lemma tensor_eq_map:
  assumes diff: "\<And>u v. \<phi> (u - v) = \<phi> u - \<phi> v"
    and add_left: "\<And>x x' y. \<phi> (frag_of (x + x', y)) \<approx> \<phi> (frag_of (x, y)) + \<phi> (frag_of (x', y))"
    and add_right: "\<And>x y y'. \<phi> (frag_of (x, y + y')) \<approx> \<phi> (frag_of (x, y)) + \<phi> (frag_of (x, y'))"
    and balanced: "\<And>a x y. \<phi> (frag_of (t a * x, y)) \<approx> \<phi> (frag_of (x, s a * y))"
    and "u \<approx> v"
  shows "\<phi> u \<approx> \<phi> v"
proof -
  have "\<phi> r \<approx> 0" if "r \<in> addgen (tens2_rels s t UNIV UNIV)" for r
    using that
  proof induction
    case zero
    show ?case using diff[of 0 0] by simp
  next
    case (gen r)
    then consider x x' y where "r = frag_of (x + x', y) - frag_of (x, y) - frag_of (x', y)"
      | x y y' where "r = frag_of (x, y + y') - frag_of (x, y) - frag_of (x, y')"
      | a x y where "r = frag_of (t a * x, y) - frag_of (x, s a * y)"
      unfolding tens2_rels_def by blast
    then show ?case
    proof cases
      case (1 x x' y)
      show ?thesis
        using add_left[of x x' y] unfolding 1 diff unfolding diff_diff_eq by (subst (asm) tensor_eq_iff_diff)
    next
      case (2 x y y')
      show ?thesis
        using add_right[of x y y'] unfolding 2 diff unfolding diff_diff_eq by (subst (asm) tensor_eq_iff_diff)
    next
      case (3 a x y)
      show ?thesis
        using balanced[of a x y] unfolding 3 diff by (subst (asm) tensor_eq_iff_diff)
    qed
  next
    case (diff u v)
    then show ?case using tensor_eq_diff by (fastforce simp: assms(1))
  qed
  from this[of "u - v"] \<open>u \<approx> v\<close> have "\<phi> u - \<phi> v \<approx> 0"
    by (simp add: tensor_eq_iff diff)
  then show ?thesis
    by (subst tensor_eq_iff_diff)
qed
lemma eventually_in_corner:
  assumes "p \<in> corner E"
  shows "eventually (\<lambda>y. y \<in> {0..} \<longrightarrow> (y, snd p) \<in> corner E) (nhds (fst p))"
proof -
  have "eventually (\<lambda>y. y \<in> {..<E}) (nhds (fst p))"
    using assms by (intro eventually_nhds_in_open) (auto simp: corner_def)
  then show ?thesis by eventually_elim (use assms in \<open>auto simp: corner_def\<close>)
qed

lemma pdx_local:
  assumes eq: "\<And>q. q \<in> corner E \<Longrightarrow> f q = g q" and p: "p \<in> corner E"
  shows "pdx f p = pdx g p" and "has_pdx f p d \<longleftrightarrow> has_pdx g p d"
proof -
  have ev: "eventually (\<lambda>y. y \<in> {0..} \<longrightarrow> f (y, snd p) = g (y, snd p)) (nhds (fst p))"
    using eventually_in_corner[OF p] by eventually_elim (use eq in auto)
  show "pdx f p = pdx g p" unfolding pdx_def
    by (rule vector_derivative_cong_eq[OF ev]) (use corner_fst_nonneg[OF p] in auto)
  show "has_pdx f p d \<longleftrightarrow> has_pdx g p d" unfolding has_pdx_def
    by (rule has_vector_derivative_cong_ev[OF ev]) (use eq p in auto)
qed

lemma has_pdx_pdx:
  assumes "has_pdx f p d" "0 \<le> fst p"
  shows "has_pdx f p (pdx f p) \<and> pdx f p = d"
proof -
  have "pdx f p = d" using assms(1) unfolding has_pdx_def pdx_def
    by (rule vector_derivative_within[OF at_within_nonneg_nontrivial[OF assms(2)]])
  then show ?thesis using assms(1) by simp
qed

lemma xderiv_Suc: "(pdx ^^ Suc j) f = (pdx ^^ j) (pdx f)"
  by (simp only: funpow_Suc_right comp_apply)

lemma xderivs_local:
  assumes "\<And>q. q \<in> corner E \<Longrightarrow> f q = g q" "p \<in> corner E"
  shows "(pdx ^^ j) f p = (pdx ^^ j) g p"
  using assms(2)
proof (induction j arbitrary: p)
  case 0 then show ?case using assms(1) by simp
next
  case (Suc j) then show ?case by (simp add: pdx_local(1)[of E "(pdx ^^ j) f" "(pdx ^^ j) g"])
qed

lemma has_pdx_add:
  "has_pdx f p (pdx f p) \<Longrightarrow> has_pdx g p (pdx g p) \<Longrightarrow>
   has_pdx (\<lambda>q. f q + g q) p (pdx f p + pdx g p)"
  unfolding has_pdx_def by (rule has_vector_derivative_add)

lemma has_pdx_linear:
  "bounded_linear L \<Longrightarrow> has_pdx f p (pdx f p) \<Longrightarrow> has_pdx (\<lambda>q. L (f q)) p (L (pdx f p))"
  unfolding has_pdx_def by (rule bounded_linear.has_vector_derivative)

lemma has_pdx_bilinear:
  "bounded_bilinear B \<Longrightarrow> has_pdx f p (pdx f p) \<Longrightarrow> has_pdx g p (pdx g p) \<Longrightarrow>
   has_pdx (\<lambda>q. B (f q) (g q)) p (B (f p) (pdx g p) + B (pdx f p) (g p))"
  using bounded_bilinear.has_vector_derivative[of B "\<lambda>y. f (y, snd p)" "pdx f p" "fst p" "{0..}"
      "\<lambda>y. g (y, snd p)" "pdx g p"]
  unfolding has_pdx_def by simp

definition xsmooth :: "nat \<Rightarrow> real \<Rightarrow> (real \<times> real \<Rightarrow> 'b::real_normed_vector) \<Rightarrow> bool" where
  "xsmooth K E f \<longleftrightarrow> (\<forall>j\<le>K. continuous_on (corner E) ((pdx ^^ j) f)) \<and>
     (\<forall>j<K. \<forall>p\<in>corner E. has_pdx ((pdx ^^ j) f) p ((pdx ^^ Suc j) f p))"

lemma xsmooth_0: "xsmooth 0 E f \<longleftrightarrow> continuous_on (corner E) f"
  by (simp add: xsmooth_def)

lemma xsmooth_Suc:
  "xsmooth (Suc K) E f \<longleftrightarrow>
     continuous_on (corner E) f \<and> (\<forall>p\<in>corner E. has_pdx f p (pdx f p)) \<and> xsmooth K E (pdx f)"
  unfolding xsmooth_def less_Suc_eq_le[symmetric] All_less_Suc2 xderiv_Suc
  by (auto simp: xderiv_Suc simp del: funpow.simps)

lemma xsmooth_mono: "xsmooth K E f \<Longrightarrow> K' \<le> K \<Longrightarrow> xsmooth K' E f"
  unfolding xsmooth_def by auto

lemma xsmooth_shrink: "xsmooth K E f \<Longrightarrow> E' \<le> E \<Longrightarrow> xsmooth K E' f"
  unfolding xsmooth_def using continuous_on_subset corner_mono by blast

lemma xsmooth_cong:
  assumes "xsmooth K E f" and "\<And>q. q \<in> corner E \<Longrightarrow> f q = g q"
  shows "xsmooth K E g"
proof -
  have eq: "(pdx ^^ j) f q = (pdx ^^ j) g q" if "q \<in> corner E" for j q
    using xderivs_local[OF assms(2) that] .
  have "continuous_on (corner E) ((pdx ^^ j) g)" if "j \<le> K" for j
  proof -
    have "continuous_on (corner E) ((pdx ^^ j) f)"
      using assms(1) that unfolding xsmooth_def by blast
    then show ?thesis by (rule continuous_on_eq) (rule eq)
  qed
  moreover have "has_pdx ((pdx ^^ j) g) p ((pdx ^^ Suc j) g p)" if "j < K" "p \<in> corner E" for j p
  proof -
    have "has_pdx ((pdx ^^ j) f) p ((pdx ^^ Suc j) f p)"
      using assms(1) that unfolding xsmooth_def by blast
    then have "has_pdx ((pdx ^^ j) g) p ((pdx ^^ Suc j) f p)"
      using pdx_local(2)[of E "(pdx ^^ j) f" "(pdx ^^ j) g", OF eq that(2)] by blast
    then show ?thesis by (simp only: eq[OF that(2)])
  qed
  ultimately show ?thesis unfolding xsmooth_def by blast
qed

lemma xsmooth_SucD:
  assumes "xsmooth (Suc K) E f"
  shows "\<And>p. p \<in> corner E \<Longrightarrow> has_pdx f p (pdx f p)" "xsmooth K E (pdx f)" "xsmooth K E f"
  using assms xsmooth_mono[OF assms, of K] by (auto simp: xsmooth_Suc)

lemma xsmooth_add:
  "xsmooth K E f \<Longrightarrow> xsmooth K E g \<Longrightarrow> xsmooth K E (\<lambda>q. f q + g q)"
proof (induction K arbitrary: f g)
  case 0 then show ?case by (simp add: xsmooth_0 continuous_on_add)
next
  case (Suc K)
  note f = xsmooth_SucD[OF Suc.prems(1)] and g = xsmooth_SucD[OF Suc.prems(2)]
  have d: "has_pdx (\<lambda>q. f q + g q) p (pdx f p + pdx g p)" if "p \<in> corner E" for p
    using has_pdx_add f(1) g(1) that by blast
  then have eq: "pdx (\<lambda>q. f q + g q) p = pdx f p + pdx g p" if "p \<in> corner E" for p
    using has_pdx_pdx corner_fst_nonneg that by blast
  have "xsmooth K E (pdx (\<lambda>q. f q + g q))"
    by (rule xsmooth_cong[OF Suc.IH[OF f(2) g(2)]]) (use eq in simp)
  moreover have "continuous_on (corner E) (\<lambda>q. f q + g q)"
    using Suc.prems by (intro continuous_on_add) (auto simp: xsmooth_Suc)
  ultimately show ?case
    unfolding xsmooth_Suc using d eq by simp
qed

lemma xsmooth_linear:
  assumes L: "bounded_linear L"
  shows "xsmooth K E f \<Longrightarrow> xsmooth K E (\<lambda>q. L (f q))"
proof (induction K arbitrary: f)
  case 0 then show ?case by (simp add: xsmooth_0 bounded_linear.continuous_on[OF L])
next
  case (Suc K)
  note f = xsmooth_SucD[OF Suc.prems]
  have d: "has_pdx (\<lambda>q. L (f q)) p (L (pdx f p))" if "p \<in> corner E" for p
    using has_pdx_linear[OF L] f(1) that by blast
  then have eq: "pdx (\<lambda>q. L (f q)) p = L (pdx f p)" if "p \<in> corner E" for p
    using has_pdx_pdx corner_fst_nonneg that by blast
  have "xsmooth K E (pdx (\<lambda>q. L (f q)))"
    by (rule xsmooth_cong[OF Suc.IH[OF f(2)]]) (use eq in simp)
  moreover have "continuous_on (corner E) (\<lambda>q. L (f q))"
    using Suc.prems by (intro bounded_linear.continuous_on[OF L]) (auto simp: xsmooth_Suc)
  ultimately show ?case
    unfolding xsmooth_Suc using d eq by simp
qed

lemma xsmooth_bilinear:
  assumes B: "bounded_bilinear B"
  shows "xsmooth K E f \<Longrightarrow> xsmooth K E g \<Longrightarrow> xsmooth K E (\<lambda>q. B (f q) (g q))"
proof (induction K arbitrary: f g)
  case 0 then show ?case by (simp add: xsmooth_0 bounded_bilinear.continuous_on[OF B])
next
  case (Suc K)
  note f = xsmooth_SucD[OF Suc.prems(1)] and g = xsmooth_SucD[OF Suc.prems(2)]
  have d: "has_pdx (\<lambda>q. B (f q) (g q)) p (B (f p) (pdx g p) + B (pdx f p) (g p))"
    if "p \<in> corner E" for p
    using has_pdx_bilinear[OF B] f(1) g(1) that by blast
  then have eq: "pdx (\<lambda>q. B (f q) (g q)) p = B (f p) (pdx g p) + B (pdx f p) (g p)"
    if "p \<in> corner E" for p
    using has_pdx_pdx corner_fst_nonneg that by blast
  have "xsmooth K E (\<lambda>q. B (f q) (pdx g q) + B (pdx f q) (g q))"
    by (intro xsmooth_add Suc.IH f g)
  then have "xsmooth K E (pdx (\<lambda>q. B (f q) (g q)))"
    by (rule xsmooth_cong) (use eq in simp)
  moreover have "continuous_on (corner E) (\<lambda>q. B (f q) (g q))"
    using Suc.prems by (intro bounded_bilinear.continuous_on[OF B]) (auto simp: xsmooth_Suc)
  ultimately show ?case
    unfolding xsmooth_Suc using d eq by simp
qed

lemma xderivs_add:
  assumes "xsmooth K E f" "xsmooth K E g" "j \<le> K" "p \<in> corner E"
  shows "(pdx ^^ j) (\<lambda>q. f q + g q) p = (pdx ^^ j) f p + (pdx ^^ j) g p"
  using assms
proof (induction j arbitrary: K f g)
  case 0 then show ?case by simp
next
  case (Suc j)
  then obtain K' where K: "K = Suc K'" "j \<le> K'" by (cases K) auto
  note f = xsmooth_SucD[OF Suc.prems(1)[unfolded K]]
    and g = xsmooth_SucD[OF Suc.prems(2)[unfolded K]]
  have "pdx (\<lambda>q. f q + g q) q = pdx f q + pdx g q" if "q \<in> corner E" for q
    using has_pdx_pdx[OF has_pdx_add[OF f(1) g(1)]] corner_fst_nonneg that by blast
  then have "(pdx ^^ j) (pdx (\<lambda>q. f q + g q)) p = (pdx ^^ j) (\<lambda>q. pdx f q + pdx g q) p"
    by (rule xderivs_local[OF _ Suc.prems(4)])
  also have "\<dots> = (pdx ^^ j) (pdx f) p + (pdx ^^ j) (pdx g) p"
    by (rule Suc.IH[OF f(2) g(2) K(2) Suc.prems(4)])
  finally show ?case by (simp only: xderiv_Suc)
qed

lemma xderivs_linear:
  assumes L: "bounded_linear L" and "xsmooth K E f" "j \<le> K" "p \<in> corner E"
  shows "(pdx ^^ j) (\<lambda>q. L (f q)) p = L ((pdx ^^ j) f p)"
  using assms(2-)
proof (induction j arbitrary: K f)
  case 0 then show ?case by simp
next
  case (Suc j)
  then obtain K' where K: "K = Suc K'" "j \<le> K'" by (cases K) auto
  note f = xsmooth_SucD[OF Suc.prems(1)[unfolded K]]
  have "pdx (\<lambda>q. L (f q)) q = L (pdx f q)" if "q \<in> corner E" for q
    using has_pdx_pdx[OF has_pdx_linear[OF L f(1)]] corner_fst_nonneg that by blast
  then have "(pdx ^^ j) (pdx (\<lambda>q. L (f q))) p = (pdx ^^ j) (\<lambda>q. L (pdx f q)) p"
    by (rule xderivs_local[OF _ Suc.prems(3)])
  also have "\<dots> = L ((pdx ^^ j) (pdx f) p)"
    by (rule Suc.IH[OF f(2) K(2) Suc.prems(3)])
  finally show ?case by (simp only: xderiv_Suc)
qed

lemma xderivs_bilinear_Suc:
  assumes B: "bounded_bilinear B" and f: "xsmooth (Suc K) E f" and g: "xsmooth (Suc K) E g"
    and "i \<le> K" "p \<in> corner E"
  shows "(pdx ^^ Suc i) (\<lambda>q. B (f q) (g q)) p =
           (pdx ^^ i) (\<lambda>q. B (f q) (pdx g q)) p + (pdx ^^ i) (\<lambda>q. B (pdx f q) (g q)) p"
proof -
  note f' = xsmooth_SucD[OF f] and g' = xsmooth_SucD[OF g]
  have "pdx (\<lambda>q. B (f q) (g q)) q = B (f q) (pdx g q) + B (pdx f q) (g q)" if "q \<in> corner E" for q
    using has_pdx_pdx[OF has_pdx_bilinear[OF B f'(1) g'(1)]] corner_fst_nonneg that by blast
  then have "(pdx ^^ Suc i) (\<lambda>q. B (f q) (g q)) p =
               (pdx ^^ i) (\<lambda>q. B (f q) (pdx g q) + B (pdx f q) (g q)) p"
    unfolding xderiv_Suc by (rule xderivs_local[OF _ assms(5)])
  also have "\<dots> = (pdx ^^ i) (\<lambda>q. B (f q) (pdx g q)) p + (pdx ^^ i) (\<lambda>q. B (pdx f q) (g q)) p"
    by (rule xderivs_add[OF xsmooth_bilinear[OF B f'(3) g'(2)] xsmooth_bilinear[OF B f'(2) g'(3)]
          assms(4,5)])
  finally show ?thesis .
qed

definition jet_agree ::
    "nat \<Rightarrow> (real \<times> real) set \<Rightarrow> (real \<times> real \<Rightarrow> 'b::real_normed_vector) \<Rightarrow> (real \<times> real \<Rightarrow> 'b) \<Rightarrow> bool"
  where "jet_agree K P f g \<longleftrightarrow> (\<forall>i\<le>K. \<forall>p\<in>P. (pdx ^^ i) f p = (pdx ^^ i) g p)"

lemma jet_agree_mono: "jet_agree K P f g \<Longrightarrow> K' \<le> K \<Longrightarrow> jet_agree K' P f g"
  unfolding jet_agree_def by auto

Problem statement → Which lines of the records hold the string "close"? Copy each one.

Solution to this problem →
  from this[of "u - v"] \<open>u \<approx> v\<close> have "\<phi> u - \<phi> v \<approx> 0"
  then show ?thesis by eventually_elim (use assms in \<open>auto simp: corner_def\<close>)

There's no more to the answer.